Regulation establishes consequential and transitional provisions for managing Commonwealth liabilities related to asbestos claims, implementing administrative arrangements and procedural mechanisms for handling such claims.

Reason

19-year-old transitional provisions have long outlasted their intended temporary purpose, creating unnecessary bureaucratic overhead for asbestos liability management that could be handled through ordinary administrative processes or streamlined frameworks.

delete Health Insurance (Diagnostic Imaging Services Table) Regulations 2005 F2005L03128 · 2005
Summary

Establishes the Medicare Benefits Schedule table for diagnostic imaging services, defining which procedures are subsidized, their item numbers, descriptors, and scheduled fees. Creates a government-controlled monopoly over reimbursable services, requiring providers to use only listed items to claim patient rebates.

Reason

Imposes massive deadweight loss through central planning of medical services. The table must be constantly updated as technology advances, creating bureaucratic bottlenecks that delay adoption of better imaging techniques. Compliance costs are enormous for clinics managing complex rules about what's covered. Distorts incentives: overutilization of listed items, underutilization of superior but unlisted alternatives. Creates artificial scarcity—providers cannot offer newer, more effective diagnostics without government approval, harming patient outcomes. The 'approved list' mechanism assumes bureaucrats can outguess market innovation, causing Australia to fall behind global medical advances. Rural areas suffer disproportionately as innovative service models cannot emerge without table amendments.
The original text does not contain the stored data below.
lemma esym_replicate:
  "esym X (replicate c i) = wscale (of_nat (fact c)) (wprod (replicate c (X i)))"
proof (intro ext)
  fix b a
  have "esym X (replicate c i) b a = (\<Sum>\<sigma>\<in>{\<sigma>. \<sigma> permutes {..<c}}. wprod (replicate c (X i)) b a)"
    unfolding esym_def wsum_def length_replicate
  proof (intro sum.cong refl)
    fix \<sigma> assume "\<sigma> \<in> {\<sigma>. \<sigma> permutes {..<c}}"
    then have "\<sigma> t < c" if "t < c" for t
      using permutes_in_image[of \<sigma> "{..<c}" t] that by simp
    then have "map (\<lambda>t. X (replicate c i ! \<sigma> t)) [0..<c] = replicate c (X i)"
      by (intro nth_equalityI) auto
    then show "wprod (map (\<lambda>t. X (replicate c i ! \<sigma> t)) [0..<c]) b a = wprod (replicate c (X i)) b a"
      by simp
  qed
  also have "\<dots> = of_nat (fact c) * wprod (replicate c (X i)) b a"
    by (simp add: card_permutations[of "{..<c}" c])
  finally show "esym X (replicate c i) b a = wscale (of_nat (fact c)) (wprod (replicate c (X i))) b a"
    by (simp add: wscale_def)
qed

subsection \<open>The Euler identity for the generators\<close>

text \<open>\<open>xcorr p l i b\<close> is the coefficient of \<open>x\<^sub>l \<partial>\<^sup>b\<close> in \<open>X\<^sub>i - x\<^sub>i\<close>, and
  \<open>pser p l i j m\<close> the coefficient of \<open>\<partial>\<^sup>m\<close> in \<open>\<Sum>\<^sub>N p\<^sup>N\<^sup>-\<^sup>1\<^sup>,\<^sup>l\<^sub>i\<^sub>j\<close>, so that
  \<open>X\<^sub>i = x\<^sub>i + \<Sum>\<^sub>l x\<^sub>l \<Sum>\<^sub>j pser p l i j (\<partial>) \<partial>\<^sup>j\<close>.\<close>

definition xcorr :: "(nat \<Rightarrow> 'n \<Rightarrow> 'n \<Rightarrow> 'n \<Rightarrow> 'n mon \<Rightarrow> 'k::comm_ring_1) \<Rightarrow> 'n \<Rightarrow> 'n \<Rightarrow> 'n::finite mon \<Rightarrow> 'k" where
  "xcorr p l i b = (\<Sum>N\<in>{1..mdeg b}. \<Sum>j\<in>UNIV.
                     if 1 \<le> b j then p (N - 1) l i j (\<lambda>t. b t - delta j t) else 0)"

definition pser :: "(nat \<Rightarrow> 'n \<Rightarrow> 'n \<Rightarrow> 'n \<Rightarrow> 'n mon \<Rightarrow> 'k::comm_ring_1) \<Rightarrow> 'n \<Rightarrow> 'n \<Rightarrow> 'n \<Rightarrow> 'n::finite mon \<Rightarrow> 'k" where
  "pser p l i j m = (\<Sum>N\<in>{1..Suc (mdeg m)}. p (N - 1) l i j m)"

lemma Xgen_eq_xcorr:
  "Xgen p i b a = (if b = mzero \<and> a = delta i then 1 else 0) + (\<Sum>l\<in>UNIV. if a = delta l then xcorr p l i b else 0)"
  unfolding Xgen_def xcorr_def by simp

lemma mdeg_eq_Suc_minus_delta:
  assumes "1 \<le> m j"
  shows "mdeg m = Suc (mdeg (\<lambda>k. m k - delta j k))"
proof -
  have "mdeg m = (\<Sum>k\<in>UNIV. (m k - delta j k) + delta j k)"
    unfolding mdeg_def using assms by (intro sum.cong) (auto simp: delta_def)
  also have "\<dots> = mdeg (\<lambda>k. m k - delta j k) + (\<Sum>k\<in>UNIV. delta j k)"
    by (simp add: sum.distrib mdeg_def)
  also have "(\<Sum>k\<in>UNIV. delta j k) = 1"
    by (simp add: delta_def)
  finally show ?thesis by simp
qed

lemma xcorr_eq_pser: "xcorr p l i m = (\<Sum>j\<in>UNIV. if 1 \<le> m j then pser p l i j (\<lambda>k. m k - delta j k) else 0)"
  unfolding xcorr_def pser_def
  by (subst sum.swap, intro sum.cong refl) (auto simp: mdeg_eq_Suc_minus_delta)

text \<open>\<open>corr_act p l i c t\<close> is the coefficient of \<open>x\<^sup>t\<close> in the action of the \<open>x\<^sub>l\<close>-term
  of \<open>X\<^sub>i - x\<^sub>i\<close> on \<open>x\<^sup>c\<close>.\<close>

definition corr_act :: "(nat \<Rightarrow> 'n \<Rightarrow> 'n \<Rightarrow> 'n \<Rightarrow> 'n mon \<Rightarrow> 'k::comm_ring_1) \<Rightarrow> 'n \<Rightarrow> 'n \<Rightarrow> 'n::finite mon \<Rightarrow> 'n mon \<Rightarrow> 'k" where
  "corr_act p l i c t = (\<Sum>m\<in>{m. m \<le> c}.
     if t = (\<lambda>k. delta l k + (c k - m k)) then xcorr p l i m * of_nat (mfalling c m) else 0)"

lemma fock_mon_Xgen:
  "fock_mon (Xgen p i) c t = (if t = (\<lambda>k. delta i k + c k) then 1 else 0) + (\<Sum>l\<in>UNIV. corr_act p l i c t)"
proof -
  have "fock_mon (Xgen p i) c t = (\<Sum>m\<in>{m. m \<le> c}.
      (if t = (\<lambda>k. delta i k + c k) \<and> m = mzero then of_nat (mfalling c m) else 0)
      + (\<Sum>l\<in>UNIV. if t = (\<lambda>k. delta l k + (c k - m k)) then xcorr p l i m * of_nat (mfalling c m) else 0))"
    unfolding fock_mon_eq Xgen_eq_xcorr
    by (intro sum.cong refl)
       (auto simp: mzero_def distrib_right sum_distrib_right simp flip: mon_diff_eq_iff intro!: sum.cong)
  also have "\<dots> = (if t = (\<lambda>k. delta i k + c k) then 1 else 0) + (\<Sum>l\<in>UNIV. corr_act p l i c t)"
    unfolding sum.distrib corr_act_def
    by (subst sum_if_conj_eq, simp add: finite_mon_le)
       (auto simp: sum.swap[of _ UNIV] mfalling_def le_fun_def mzero_def
         mchoose_mzero[unfolded mzero_def] mfact_mzero[unfolded mzero_def])
  finally show ?thesis .
qed

lemma binomial_fact_absorption: "x * ((x - 1) choose y) * fact y = (x choose Suc y) * fact (Suc y)"
proof -
  have "(x choose Suc y) * fact (Suc y) = (Suc y * (x choose Suc y)) * fact y"
    by (simp add: algebra_simps)
  also have "\<dots> = x * ((x - 1) choose y) * fact y"
    by (simp only: binomial_absorption)
  finally show ?thesis by simp
qed

lemma mfalling_shift_delta:
  "a i * mfalling (\<lambda>k. a k - delta i k) (\<lambda>k. m k + delta j k) = mfalling a (\<lambda>k. m k + delta i k + delta j k)"
proof -
  define g where "g k = ((a k - delta i k) choose (m k + delta j k)) * fact (m k + delta j k)" for k
  define h where "h k = (a k choose (m k + delta i k + delta j k)) * fact (m k + delta i k + delta j k)" for k
  have "(\<Prod>k\<in>UNIV-{i}. g k) = (\<Prod>k\<in>UNIV-{i}. h k)"
    by (rule prod.cong) (auto simp: delta_def g_def h_def)
  moreover have "a i * g i = h i"
    using binomial_fact_absorption[of "a i" "m i + delta j i"] by (simp add: g_def h_def delta_def)
  ultimately show ?thesis
    unfolding mfalling_eq_prod g_def[symmetric] h_def[symmetric]
    by (simp add: prod.remove[of UNIV i] mult.assoc)
qed

lemma mfalling_shift_delta_eq_0:
  assumes "\<not> (\<lambda>k. m k + delta j k) \<le> (\<lambda>k. a k - delta i k)"
  shows "mfalling a (\<lambda>k. m k + delta i k + delta j k) = 0"
proof -
  from assms obtain k where "\<not> m k + delta j k \<le> a k - delta i k" by (auto simp: le_fun_def)
  then have "a k < m k + delta i k + delta j k" by linarith
  then show ?thesis unfolding mfalling_eq_prod by (intro prod_zero) auto
qed

text \<open>Substituting \<open>m = m' + e\<^sub>j\<close> turns \<open>a\<^sub>i \<partial>\<^sup>m x\<^sup>a\<^sup>-\<^sup>e\<^sup>i\<close> into
  \<open>\<partial>\<^sup>m\<^sup>'\<^sup>+\<^sup>e\<^sup>i\<^sup>+\<^sup>e\<^sup>j x\<^sup>a\<close>, which is symmetric in \<open>i\<close> and \<open>j\<close>.\<close>

lemma sum_shift_delta:
  fixes H R :: "'n::finite mon \<Rightarrow> 'k::comm_ring_1"
  shows "(\<Sum>m\<in>{m. m \<le> (\<lambda>k. a k - delta i k)}. if 1 \<le> m j then
       of_nat (a i * mfalling (\<lambda>k. a k - delta i k) m) * H (\<lambda>k. (a k - delta i k) - m k) * R (\<lambda>k. m k - delta j k) else 0)
    = (\<Sum>m'\<in>{m'. m' \<le> a}. of_nat (mfalling a (\<lambda>k. m' k + delta i k + delta j k))
          * H (\<lambda>k. a k - (m' k + delta i k + delta j k)) * R m')"
    (is "(\<Sum>m\<in>_. ?\<Psi> m) = (\<Sum>m'\<in>_. ?\<Phi> m')")
proof -
  define s where "s m' = (\<lambda>k. m' k + delta j k)" for m' :: "'n mon"
  define V where "V = {m'. s m' \<le> (\<lambda>k. a k - delta i k)}"
  have "V \<subseteq> {m'. m' \<le> a}"
    by (auto simp: V_def s_def le_fun_def) (metis add_leE diff_le_self le_trans)
  then have "(\<Sum>m'\<in>{m'. m' \<le> a}. ?\<Phi> m') = (\<Sum>m'\<in>V. ?\<Phi> m')"
    by (intro sum.mono_neutral_right)
       (auto simp: finite_mon_le V_def s_def mfalling_shift_delta_eq_0)
  also have "\<dots> = (\<Sum>m'\<in>V. ?\<Psi> (s m'))"
  proof (rule sum.cong[OF refl])
    fix m'
    have "(\<lambda>k. (a k - delta i k) - s m' k) = (\<lambda>k. a k - (m' k + delta i k + delta j k))"
      by (simp add: s_def fun_eq_iff algebra_simps)
    moreover have "(\<lambda>k. s m' k - delta j k) = m'" "1 \<le> s m' j"
      by (simp_all add: s_def delta_def)
    ultimately show "?\<Phi> m' = ?\<Psi> (s m')"
      unfolding s_def mfalling_shift_delta by simp
  qed
  also have "\<dots> = (\<Sum>m\<in>s ` V. ?\<Psi> m)"
    by (subst sum.reindex) (auto simp: inj_on_def s_def fun_eq_iff)
  also have "\<dots> = (\<Sum>m\<in>{m. m \<le> (\<lambda>k. a k - delta i k)}. ?\<Psi> m)"
  proof (rule sum.mono_neutral_left)
    show "\<forall>m\<in>{m. m \<le> (\<lambda>k. a k - delta i k)} - s ` V. ?\<Psi> m = 0"
    proof
      fix m assume m: "m \<in> {m. m \<le> (\<lambda>k. a k - delta i k)} - s ` V"
      show "?\<Psi> m = 0"
      proof (cases "1 \<le> m j")
        case True
        then have "m = s (\<lambda>k. m k - delta j k)" by (auto simp: s_def delta_def fun_eq_iff)
        moreover have "(\<lambda>k. m k - delta j k) \<in> V"
          using m True by (auto simp: V_def s_def delta_def le_fun_def)
        ultimately show ?thesis using m by blast
      qed simp
    qed
  qed (auto simp: finite_mon_le V_def)
  finally show ?thesis by simp
qed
Total repeal would unleash competition among imaging providers, allow price discovery through actual market demand, and let clinicians offer any service patients will pay for—driving quality up and costs down.

delete Health Insurance (General Medical Services Table) Regulations 2005 F2005L03110 · 2005
Summary

Establishes the Medicare Benefits Schedule table, setting fees and coverage for medical services under Australia's universal health insurance system, effectively controlling prices and determining which services are subsidized.

Reason

Administered pricing eliminates market signals, causing resource misallocation, reduced quality, wait times, moral hazard, high taxes, and stifled innovation; creates perverse incentives and a two-tier system that harms the poor.

delete Health Insurance (Pathology Services Table) Regulations 2005 F2005L03098 · 2005
Summary

Establishes the Pathology Services Table under the Health Insurance Act 1973, determining which diagnostic pathology services are eligible for Medicare benefits, the conditions for payment, and the scheduled fees for those services.

Reason

This central planning mechanism replaces market decisions with bureaucratic determinations, stifling innovation and competition in pathology services. It creates unnecessary compliance costs for providers, reduces incentives for efficiency, and limits patient access to newer or alternative tests not listed. The regulation's one-size-fits-all approach fails to account for regional variations and evolving medical science, leading to misallocation of resources and poorer health outcomes.